Data under study below:
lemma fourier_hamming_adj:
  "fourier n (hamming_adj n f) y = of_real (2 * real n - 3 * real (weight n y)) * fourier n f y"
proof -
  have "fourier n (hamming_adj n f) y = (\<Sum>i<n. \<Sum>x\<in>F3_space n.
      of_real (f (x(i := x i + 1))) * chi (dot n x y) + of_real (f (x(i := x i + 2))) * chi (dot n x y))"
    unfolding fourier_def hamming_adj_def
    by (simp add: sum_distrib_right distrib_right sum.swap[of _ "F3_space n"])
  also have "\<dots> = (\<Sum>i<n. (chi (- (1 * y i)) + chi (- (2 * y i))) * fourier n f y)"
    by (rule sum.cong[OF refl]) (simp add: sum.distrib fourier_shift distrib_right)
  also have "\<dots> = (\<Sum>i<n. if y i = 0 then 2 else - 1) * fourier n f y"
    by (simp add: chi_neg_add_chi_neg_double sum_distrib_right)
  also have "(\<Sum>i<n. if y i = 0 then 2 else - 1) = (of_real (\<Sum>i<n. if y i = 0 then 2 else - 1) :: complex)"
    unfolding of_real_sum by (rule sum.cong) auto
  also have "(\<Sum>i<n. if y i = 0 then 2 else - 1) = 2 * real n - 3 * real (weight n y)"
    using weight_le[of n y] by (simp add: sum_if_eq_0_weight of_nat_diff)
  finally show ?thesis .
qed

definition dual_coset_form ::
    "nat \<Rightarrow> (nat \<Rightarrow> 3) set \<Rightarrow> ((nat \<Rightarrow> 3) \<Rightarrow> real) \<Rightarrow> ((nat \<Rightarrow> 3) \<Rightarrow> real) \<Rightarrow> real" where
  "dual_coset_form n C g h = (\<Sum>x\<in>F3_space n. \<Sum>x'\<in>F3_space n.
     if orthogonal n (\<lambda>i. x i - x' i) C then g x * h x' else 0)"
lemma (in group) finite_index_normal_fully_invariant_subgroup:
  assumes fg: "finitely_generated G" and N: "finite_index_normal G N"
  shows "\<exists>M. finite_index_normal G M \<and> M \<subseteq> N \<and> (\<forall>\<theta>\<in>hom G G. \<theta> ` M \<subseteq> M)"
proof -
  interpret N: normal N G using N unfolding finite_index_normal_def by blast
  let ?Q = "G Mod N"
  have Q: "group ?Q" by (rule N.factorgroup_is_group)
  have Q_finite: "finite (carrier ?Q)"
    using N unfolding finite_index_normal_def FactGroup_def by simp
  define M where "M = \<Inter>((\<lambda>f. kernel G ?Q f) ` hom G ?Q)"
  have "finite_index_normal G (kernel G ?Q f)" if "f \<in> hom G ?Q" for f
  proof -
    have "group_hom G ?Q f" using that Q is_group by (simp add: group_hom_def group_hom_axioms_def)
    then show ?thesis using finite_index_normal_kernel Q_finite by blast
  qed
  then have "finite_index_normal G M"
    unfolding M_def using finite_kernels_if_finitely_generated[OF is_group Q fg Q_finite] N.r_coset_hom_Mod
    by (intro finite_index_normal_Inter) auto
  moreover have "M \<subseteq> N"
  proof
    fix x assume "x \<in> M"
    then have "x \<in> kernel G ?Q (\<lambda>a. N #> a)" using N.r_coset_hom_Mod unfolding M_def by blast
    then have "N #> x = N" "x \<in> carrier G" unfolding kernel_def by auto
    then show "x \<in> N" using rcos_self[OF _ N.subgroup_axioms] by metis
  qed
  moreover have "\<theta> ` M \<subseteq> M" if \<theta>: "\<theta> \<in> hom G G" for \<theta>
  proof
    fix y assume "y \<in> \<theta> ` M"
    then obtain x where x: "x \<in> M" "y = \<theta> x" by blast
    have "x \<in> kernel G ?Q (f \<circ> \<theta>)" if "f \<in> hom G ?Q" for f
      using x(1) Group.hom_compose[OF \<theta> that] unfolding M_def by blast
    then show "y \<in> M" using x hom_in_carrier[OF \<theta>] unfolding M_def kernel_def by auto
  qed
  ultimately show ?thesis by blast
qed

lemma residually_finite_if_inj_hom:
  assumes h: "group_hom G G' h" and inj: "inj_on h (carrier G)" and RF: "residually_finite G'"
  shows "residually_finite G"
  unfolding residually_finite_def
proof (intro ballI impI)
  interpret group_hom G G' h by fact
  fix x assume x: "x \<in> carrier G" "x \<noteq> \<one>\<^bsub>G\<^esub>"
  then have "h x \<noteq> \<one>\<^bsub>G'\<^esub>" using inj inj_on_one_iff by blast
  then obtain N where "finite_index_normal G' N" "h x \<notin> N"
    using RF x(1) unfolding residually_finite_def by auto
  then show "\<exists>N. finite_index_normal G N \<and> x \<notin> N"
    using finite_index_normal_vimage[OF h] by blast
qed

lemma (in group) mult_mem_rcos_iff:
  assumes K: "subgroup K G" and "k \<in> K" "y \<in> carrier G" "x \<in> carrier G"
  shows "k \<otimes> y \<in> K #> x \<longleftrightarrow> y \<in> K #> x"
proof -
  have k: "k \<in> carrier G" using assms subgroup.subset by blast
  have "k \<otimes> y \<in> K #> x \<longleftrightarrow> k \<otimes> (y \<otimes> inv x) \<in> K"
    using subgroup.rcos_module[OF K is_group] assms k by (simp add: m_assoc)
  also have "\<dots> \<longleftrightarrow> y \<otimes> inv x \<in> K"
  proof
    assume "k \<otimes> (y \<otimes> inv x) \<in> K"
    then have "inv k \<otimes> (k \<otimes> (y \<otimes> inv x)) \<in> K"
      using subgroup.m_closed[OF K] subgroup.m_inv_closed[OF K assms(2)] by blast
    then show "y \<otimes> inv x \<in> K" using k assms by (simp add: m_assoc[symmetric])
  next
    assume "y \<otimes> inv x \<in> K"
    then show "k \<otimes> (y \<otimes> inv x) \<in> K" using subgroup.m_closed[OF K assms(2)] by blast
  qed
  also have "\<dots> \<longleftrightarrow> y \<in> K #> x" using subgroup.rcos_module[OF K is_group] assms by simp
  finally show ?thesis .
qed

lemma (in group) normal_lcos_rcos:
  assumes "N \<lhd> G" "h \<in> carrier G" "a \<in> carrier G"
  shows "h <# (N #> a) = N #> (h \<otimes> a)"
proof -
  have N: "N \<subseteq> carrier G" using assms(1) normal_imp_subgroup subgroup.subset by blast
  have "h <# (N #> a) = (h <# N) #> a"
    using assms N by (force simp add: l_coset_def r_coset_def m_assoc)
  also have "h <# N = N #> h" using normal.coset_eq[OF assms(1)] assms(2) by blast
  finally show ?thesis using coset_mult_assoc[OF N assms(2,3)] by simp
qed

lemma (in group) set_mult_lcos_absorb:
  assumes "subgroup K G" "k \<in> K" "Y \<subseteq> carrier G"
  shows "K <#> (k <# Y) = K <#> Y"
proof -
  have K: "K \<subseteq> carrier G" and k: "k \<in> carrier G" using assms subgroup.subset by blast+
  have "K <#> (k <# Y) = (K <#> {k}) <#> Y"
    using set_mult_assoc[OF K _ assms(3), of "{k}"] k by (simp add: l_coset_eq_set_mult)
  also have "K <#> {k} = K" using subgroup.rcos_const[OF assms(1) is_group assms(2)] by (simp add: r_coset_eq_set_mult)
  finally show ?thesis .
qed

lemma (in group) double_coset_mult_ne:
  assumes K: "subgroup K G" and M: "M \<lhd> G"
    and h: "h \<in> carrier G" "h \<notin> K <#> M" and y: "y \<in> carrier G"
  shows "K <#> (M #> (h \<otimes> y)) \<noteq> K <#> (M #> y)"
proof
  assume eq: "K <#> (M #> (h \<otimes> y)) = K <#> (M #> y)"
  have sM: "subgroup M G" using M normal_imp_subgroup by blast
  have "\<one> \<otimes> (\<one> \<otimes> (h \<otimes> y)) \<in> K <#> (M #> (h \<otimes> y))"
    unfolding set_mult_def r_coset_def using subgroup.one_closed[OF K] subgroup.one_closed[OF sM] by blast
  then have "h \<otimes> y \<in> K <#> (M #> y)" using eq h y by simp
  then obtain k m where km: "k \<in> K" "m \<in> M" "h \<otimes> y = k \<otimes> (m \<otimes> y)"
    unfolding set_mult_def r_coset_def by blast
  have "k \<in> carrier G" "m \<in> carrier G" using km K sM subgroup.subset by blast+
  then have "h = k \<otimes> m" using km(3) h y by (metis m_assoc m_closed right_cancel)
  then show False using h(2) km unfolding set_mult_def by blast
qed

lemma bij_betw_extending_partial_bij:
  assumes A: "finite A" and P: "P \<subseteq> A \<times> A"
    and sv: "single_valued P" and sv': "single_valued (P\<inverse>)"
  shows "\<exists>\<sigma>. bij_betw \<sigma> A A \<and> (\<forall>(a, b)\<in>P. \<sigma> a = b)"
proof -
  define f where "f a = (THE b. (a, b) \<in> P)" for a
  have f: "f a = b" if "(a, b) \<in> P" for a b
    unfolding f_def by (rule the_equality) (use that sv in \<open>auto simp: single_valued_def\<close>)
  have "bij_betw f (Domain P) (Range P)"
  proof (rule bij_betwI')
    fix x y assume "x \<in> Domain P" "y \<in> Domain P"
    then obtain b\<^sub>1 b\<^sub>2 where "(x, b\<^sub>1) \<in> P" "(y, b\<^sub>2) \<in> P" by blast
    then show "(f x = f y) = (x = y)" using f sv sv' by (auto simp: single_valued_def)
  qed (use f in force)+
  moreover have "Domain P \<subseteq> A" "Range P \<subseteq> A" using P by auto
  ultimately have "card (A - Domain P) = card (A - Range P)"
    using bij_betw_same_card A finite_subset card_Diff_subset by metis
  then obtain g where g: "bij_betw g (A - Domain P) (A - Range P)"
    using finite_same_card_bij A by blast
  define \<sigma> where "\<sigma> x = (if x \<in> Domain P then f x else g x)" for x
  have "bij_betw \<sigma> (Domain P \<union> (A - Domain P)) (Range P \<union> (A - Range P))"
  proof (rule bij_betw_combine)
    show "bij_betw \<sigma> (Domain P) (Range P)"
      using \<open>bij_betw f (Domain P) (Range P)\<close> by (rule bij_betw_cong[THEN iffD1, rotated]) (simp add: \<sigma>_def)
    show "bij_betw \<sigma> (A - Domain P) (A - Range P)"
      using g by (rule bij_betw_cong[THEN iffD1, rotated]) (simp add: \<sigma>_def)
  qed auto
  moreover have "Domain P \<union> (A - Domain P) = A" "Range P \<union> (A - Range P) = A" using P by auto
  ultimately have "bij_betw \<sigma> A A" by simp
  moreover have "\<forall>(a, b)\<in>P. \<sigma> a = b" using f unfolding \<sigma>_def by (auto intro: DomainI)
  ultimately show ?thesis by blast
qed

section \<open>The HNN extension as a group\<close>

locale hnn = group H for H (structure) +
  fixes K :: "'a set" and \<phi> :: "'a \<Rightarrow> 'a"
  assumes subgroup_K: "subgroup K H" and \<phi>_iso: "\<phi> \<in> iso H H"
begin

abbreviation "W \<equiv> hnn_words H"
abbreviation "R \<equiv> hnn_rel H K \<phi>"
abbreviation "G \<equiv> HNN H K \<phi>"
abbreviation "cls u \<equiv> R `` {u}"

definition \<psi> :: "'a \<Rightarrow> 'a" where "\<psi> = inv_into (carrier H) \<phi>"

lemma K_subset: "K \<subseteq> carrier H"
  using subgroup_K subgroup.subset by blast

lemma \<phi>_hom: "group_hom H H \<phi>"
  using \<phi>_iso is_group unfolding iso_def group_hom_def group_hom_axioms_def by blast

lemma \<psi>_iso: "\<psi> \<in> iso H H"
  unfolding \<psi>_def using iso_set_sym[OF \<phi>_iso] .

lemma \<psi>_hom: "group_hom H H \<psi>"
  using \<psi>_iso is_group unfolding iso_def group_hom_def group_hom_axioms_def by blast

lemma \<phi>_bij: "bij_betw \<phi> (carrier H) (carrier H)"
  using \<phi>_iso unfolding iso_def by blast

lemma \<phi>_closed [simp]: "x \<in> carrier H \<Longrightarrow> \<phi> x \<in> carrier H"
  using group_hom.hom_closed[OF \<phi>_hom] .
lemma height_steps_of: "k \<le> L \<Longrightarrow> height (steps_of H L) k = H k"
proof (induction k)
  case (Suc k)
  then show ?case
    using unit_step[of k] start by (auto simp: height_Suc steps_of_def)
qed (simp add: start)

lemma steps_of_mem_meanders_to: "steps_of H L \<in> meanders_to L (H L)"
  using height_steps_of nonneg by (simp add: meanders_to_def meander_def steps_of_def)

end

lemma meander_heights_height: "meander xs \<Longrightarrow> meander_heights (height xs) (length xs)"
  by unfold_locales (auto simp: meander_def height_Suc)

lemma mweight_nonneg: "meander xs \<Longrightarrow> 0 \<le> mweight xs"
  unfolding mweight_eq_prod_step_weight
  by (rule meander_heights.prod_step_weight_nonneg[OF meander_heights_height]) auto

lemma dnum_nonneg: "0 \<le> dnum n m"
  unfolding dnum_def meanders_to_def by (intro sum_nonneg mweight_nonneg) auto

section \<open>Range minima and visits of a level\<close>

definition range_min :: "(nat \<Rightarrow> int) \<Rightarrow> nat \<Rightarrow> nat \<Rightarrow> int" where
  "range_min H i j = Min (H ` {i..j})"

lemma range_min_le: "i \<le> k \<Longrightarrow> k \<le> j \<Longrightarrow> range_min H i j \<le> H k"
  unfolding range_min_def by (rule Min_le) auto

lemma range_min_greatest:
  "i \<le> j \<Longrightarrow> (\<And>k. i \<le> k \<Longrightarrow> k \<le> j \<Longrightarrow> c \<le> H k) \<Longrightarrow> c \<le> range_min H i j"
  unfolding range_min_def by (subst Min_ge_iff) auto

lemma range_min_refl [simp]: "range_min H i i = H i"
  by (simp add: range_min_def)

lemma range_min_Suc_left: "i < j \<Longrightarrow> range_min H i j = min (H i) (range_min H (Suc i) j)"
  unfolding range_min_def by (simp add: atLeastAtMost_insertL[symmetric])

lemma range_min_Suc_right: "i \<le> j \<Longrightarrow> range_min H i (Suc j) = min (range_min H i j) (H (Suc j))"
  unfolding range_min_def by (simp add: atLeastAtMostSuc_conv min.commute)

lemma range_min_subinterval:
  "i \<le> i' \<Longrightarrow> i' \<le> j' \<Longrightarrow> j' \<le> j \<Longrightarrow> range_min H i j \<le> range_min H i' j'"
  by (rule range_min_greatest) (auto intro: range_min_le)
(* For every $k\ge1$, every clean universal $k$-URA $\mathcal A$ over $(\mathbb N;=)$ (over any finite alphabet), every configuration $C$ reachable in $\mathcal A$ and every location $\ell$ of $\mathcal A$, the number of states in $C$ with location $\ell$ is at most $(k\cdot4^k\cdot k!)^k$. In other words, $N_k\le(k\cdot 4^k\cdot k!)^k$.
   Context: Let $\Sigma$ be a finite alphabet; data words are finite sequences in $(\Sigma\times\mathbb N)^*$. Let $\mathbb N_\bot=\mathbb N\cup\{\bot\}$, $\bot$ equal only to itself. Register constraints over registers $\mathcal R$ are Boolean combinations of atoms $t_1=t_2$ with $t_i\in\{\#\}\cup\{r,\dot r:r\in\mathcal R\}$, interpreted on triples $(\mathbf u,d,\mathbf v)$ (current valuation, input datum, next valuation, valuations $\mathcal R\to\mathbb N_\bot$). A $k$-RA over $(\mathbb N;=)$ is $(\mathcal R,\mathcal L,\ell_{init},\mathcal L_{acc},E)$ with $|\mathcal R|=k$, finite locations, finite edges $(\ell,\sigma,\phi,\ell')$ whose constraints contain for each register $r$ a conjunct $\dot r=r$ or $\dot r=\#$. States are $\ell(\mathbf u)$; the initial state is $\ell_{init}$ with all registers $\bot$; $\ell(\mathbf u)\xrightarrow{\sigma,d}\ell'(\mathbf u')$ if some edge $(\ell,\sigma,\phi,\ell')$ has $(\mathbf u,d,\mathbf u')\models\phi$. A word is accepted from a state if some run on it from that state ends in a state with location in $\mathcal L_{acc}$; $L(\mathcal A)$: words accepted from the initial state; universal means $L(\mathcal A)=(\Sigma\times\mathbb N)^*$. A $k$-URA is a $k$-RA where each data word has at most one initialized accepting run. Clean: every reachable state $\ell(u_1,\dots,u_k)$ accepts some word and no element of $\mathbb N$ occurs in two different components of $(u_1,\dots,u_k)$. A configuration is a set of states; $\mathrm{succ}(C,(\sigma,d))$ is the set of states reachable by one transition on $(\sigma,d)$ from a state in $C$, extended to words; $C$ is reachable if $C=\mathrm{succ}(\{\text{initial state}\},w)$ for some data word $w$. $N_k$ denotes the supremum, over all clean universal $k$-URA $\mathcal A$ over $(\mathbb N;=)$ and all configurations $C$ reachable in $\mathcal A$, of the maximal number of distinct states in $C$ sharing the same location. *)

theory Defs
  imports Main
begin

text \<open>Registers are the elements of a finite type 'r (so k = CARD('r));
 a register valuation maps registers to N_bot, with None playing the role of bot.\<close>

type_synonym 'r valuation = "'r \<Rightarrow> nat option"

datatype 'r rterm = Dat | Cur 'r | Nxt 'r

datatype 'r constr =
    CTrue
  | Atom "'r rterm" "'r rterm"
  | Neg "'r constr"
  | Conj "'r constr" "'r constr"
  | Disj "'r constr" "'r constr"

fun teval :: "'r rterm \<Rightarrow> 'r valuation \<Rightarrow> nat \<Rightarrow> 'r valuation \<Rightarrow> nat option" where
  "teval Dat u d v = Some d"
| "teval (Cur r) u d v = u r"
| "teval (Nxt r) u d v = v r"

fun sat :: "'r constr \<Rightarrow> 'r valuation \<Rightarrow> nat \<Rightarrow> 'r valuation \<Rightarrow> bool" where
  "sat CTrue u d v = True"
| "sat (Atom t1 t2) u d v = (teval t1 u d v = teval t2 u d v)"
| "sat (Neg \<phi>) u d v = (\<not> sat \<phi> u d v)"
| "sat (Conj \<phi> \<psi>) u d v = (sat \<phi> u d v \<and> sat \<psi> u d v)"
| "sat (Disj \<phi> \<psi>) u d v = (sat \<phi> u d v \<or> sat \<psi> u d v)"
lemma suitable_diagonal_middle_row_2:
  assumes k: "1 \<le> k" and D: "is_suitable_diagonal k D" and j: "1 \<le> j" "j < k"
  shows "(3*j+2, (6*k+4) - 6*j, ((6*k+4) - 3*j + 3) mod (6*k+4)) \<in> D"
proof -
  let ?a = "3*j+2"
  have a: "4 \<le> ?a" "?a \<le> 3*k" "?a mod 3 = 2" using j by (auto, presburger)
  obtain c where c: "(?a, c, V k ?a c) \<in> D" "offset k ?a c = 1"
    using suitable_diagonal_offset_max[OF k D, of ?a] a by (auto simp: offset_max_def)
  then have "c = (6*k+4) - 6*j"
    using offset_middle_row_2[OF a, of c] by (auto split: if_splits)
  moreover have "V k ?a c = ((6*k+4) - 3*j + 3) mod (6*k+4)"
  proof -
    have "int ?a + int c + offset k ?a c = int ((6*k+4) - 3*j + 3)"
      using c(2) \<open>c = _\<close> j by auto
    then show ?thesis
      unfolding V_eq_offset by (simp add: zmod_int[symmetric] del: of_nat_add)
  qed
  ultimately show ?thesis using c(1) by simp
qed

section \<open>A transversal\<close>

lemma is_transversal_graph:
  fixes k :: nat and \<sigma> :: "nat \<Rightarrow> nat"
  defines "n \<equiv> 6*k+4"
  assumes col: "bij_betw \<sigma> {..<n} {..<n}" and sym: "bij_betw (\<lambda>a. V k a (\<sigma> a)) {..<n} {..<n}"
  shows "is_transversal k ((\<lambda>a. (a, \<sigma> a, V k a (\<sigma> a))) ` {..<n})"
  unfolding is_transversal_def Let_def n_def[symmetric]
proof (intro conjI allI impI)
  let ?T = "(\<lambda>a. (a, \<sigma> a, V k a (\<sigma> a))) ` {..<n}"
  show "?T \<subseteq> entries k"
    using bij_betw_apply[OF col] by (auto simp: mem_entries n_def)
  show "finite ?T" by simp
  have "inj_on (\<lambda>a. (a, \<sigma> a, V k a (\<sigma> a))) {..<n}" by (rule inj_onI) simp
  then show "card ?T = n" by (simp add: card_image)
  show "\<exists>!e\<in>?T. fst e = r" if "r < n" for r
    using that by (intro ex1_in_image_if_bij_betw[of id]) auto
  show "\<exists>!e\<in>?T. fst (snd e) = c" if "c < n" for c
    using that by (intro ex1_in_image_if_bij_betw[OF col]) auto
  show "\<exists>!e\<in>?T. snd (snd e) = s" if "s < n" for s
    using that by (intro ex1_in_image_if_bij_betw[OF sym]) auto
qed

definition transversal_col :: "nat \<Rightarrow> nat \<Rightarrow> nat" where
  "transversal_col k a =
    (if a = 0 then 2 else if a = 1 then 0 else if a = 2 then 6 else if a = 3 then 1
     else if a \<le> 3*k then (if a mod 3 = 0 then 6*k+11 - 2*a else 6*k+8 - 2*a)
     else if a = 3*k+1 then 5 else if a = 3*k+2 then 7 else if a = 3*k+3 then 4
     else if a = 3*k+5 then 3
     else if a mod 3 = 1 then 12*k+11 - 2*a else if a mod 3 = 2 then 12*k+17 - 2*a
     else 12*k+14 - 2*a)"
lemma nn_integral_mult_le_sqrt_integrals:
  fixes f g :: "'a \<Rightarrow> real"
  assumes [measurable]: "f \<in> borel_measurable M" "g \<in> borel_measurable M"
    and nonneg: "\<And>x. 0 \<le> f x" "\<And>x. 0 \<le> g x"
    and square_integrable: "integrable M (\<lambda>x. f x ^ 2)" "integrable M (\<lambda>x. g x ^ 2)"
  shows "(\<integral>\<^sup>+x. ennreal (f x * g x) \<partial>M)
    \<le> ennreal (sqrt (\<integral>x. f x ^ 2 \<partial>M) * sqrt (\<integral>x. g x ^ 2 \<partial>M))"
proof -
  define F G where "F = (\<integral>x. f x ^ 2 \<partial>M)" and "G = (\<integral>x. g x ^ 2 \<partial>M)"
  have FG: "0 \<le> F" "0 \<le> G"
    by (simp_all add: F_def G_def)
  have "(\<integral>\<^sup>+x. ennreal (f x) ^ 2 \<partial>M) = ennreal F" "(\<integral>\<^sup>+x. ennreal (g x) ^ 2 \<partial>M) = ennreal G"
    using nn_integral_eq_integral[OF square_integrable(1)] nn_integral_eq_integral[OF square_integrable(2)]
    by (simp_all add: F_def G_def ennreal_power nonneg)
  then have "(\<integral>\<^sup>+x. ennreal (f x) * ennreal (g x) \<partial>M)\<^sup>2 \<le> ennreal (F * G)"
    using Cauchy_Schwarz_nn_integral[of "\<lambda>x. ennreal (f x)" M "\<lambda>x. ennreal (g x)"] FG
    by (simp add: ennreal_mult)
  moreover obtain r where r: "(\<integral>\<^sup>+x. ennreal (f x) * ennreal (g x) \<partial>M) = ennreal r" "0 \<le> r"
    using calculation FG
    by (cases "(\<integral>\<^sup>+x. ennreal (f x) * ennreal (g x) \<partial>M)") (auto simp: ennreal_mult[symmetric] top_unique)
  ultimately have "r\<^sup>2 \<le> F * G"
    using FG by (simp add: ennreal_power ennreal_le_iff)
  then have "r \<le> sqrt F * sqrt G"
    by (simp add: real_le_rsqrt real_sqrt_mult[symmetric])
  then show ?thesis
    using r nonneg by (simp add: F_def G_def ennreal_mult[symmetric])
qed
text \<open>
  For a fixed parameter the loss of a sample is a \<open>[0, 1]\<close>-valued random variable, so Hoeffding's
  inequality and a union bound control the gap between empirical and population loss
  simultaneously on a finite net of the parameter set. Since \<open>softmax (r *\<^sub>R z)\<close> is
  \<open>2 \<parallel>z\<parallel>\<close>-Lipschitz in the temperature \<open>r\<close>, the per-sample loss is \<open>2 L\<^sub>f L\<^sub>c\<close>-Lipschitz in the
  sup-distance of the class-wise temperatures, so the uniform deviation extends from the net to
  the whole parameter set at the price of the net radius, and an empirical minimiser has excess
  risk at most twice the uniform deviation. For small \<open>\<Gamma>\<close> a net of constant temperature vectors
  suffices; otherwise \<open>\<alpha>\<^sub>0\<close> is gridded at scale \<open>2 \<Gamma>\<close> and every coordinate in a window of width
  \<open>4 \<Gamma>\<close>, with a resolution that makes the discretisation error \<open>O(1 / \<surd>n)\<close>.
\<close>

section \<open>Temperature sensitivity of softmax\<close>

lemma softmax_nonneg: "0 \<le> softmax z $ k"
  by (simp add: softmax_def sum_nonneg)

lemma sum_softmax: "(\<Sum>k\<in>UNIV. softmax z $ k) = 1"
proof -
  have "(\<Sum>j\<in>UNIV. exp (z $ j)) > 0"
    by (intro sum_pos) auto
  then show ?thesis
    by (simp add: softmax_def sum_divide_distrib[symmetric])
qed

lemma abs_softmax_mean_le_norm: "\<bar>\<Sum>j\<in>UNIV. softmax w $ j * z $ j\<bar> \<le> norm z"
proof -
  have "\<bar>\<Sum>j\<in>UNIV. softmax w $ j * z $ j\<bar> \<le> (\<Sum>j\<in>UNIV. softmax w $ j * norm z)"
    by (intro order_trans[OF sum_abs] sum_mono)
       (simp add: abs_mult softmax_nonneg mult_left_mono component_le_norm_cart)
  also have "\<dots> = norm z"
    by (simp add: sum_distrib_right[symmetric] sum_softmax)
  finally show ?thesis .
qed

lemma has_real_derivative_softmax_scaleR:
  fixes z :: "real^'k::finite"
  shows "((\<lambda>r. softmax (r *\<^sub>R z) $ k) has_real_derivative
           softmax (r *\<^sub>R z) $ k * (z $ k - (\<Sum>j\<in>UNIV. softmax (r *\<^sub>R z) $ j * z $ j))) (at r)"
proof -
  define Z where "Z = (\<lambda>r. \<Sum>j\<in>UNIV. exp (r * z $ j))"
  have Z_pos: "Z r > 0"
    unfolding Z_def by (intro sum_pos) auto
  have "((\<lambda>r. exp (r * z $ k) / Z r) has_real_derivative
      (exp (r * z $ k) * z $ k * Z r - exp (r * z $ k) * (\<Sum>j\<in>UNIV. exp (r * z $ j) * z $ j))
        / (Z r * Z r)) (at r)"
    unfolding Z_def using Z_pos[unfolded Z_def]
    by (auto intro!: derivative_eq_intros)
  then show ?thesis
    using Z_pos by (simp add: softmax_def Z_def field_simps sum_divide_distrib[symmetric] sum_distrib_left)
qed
End of Data under study.
> [About this exercise]: The lines to copy are those in the listing that contain the word "start".

> [Exercise solution]:
    using unit_step[of k] start by (auto simp: height_Suc steps_of_def)
qed (simp add: start)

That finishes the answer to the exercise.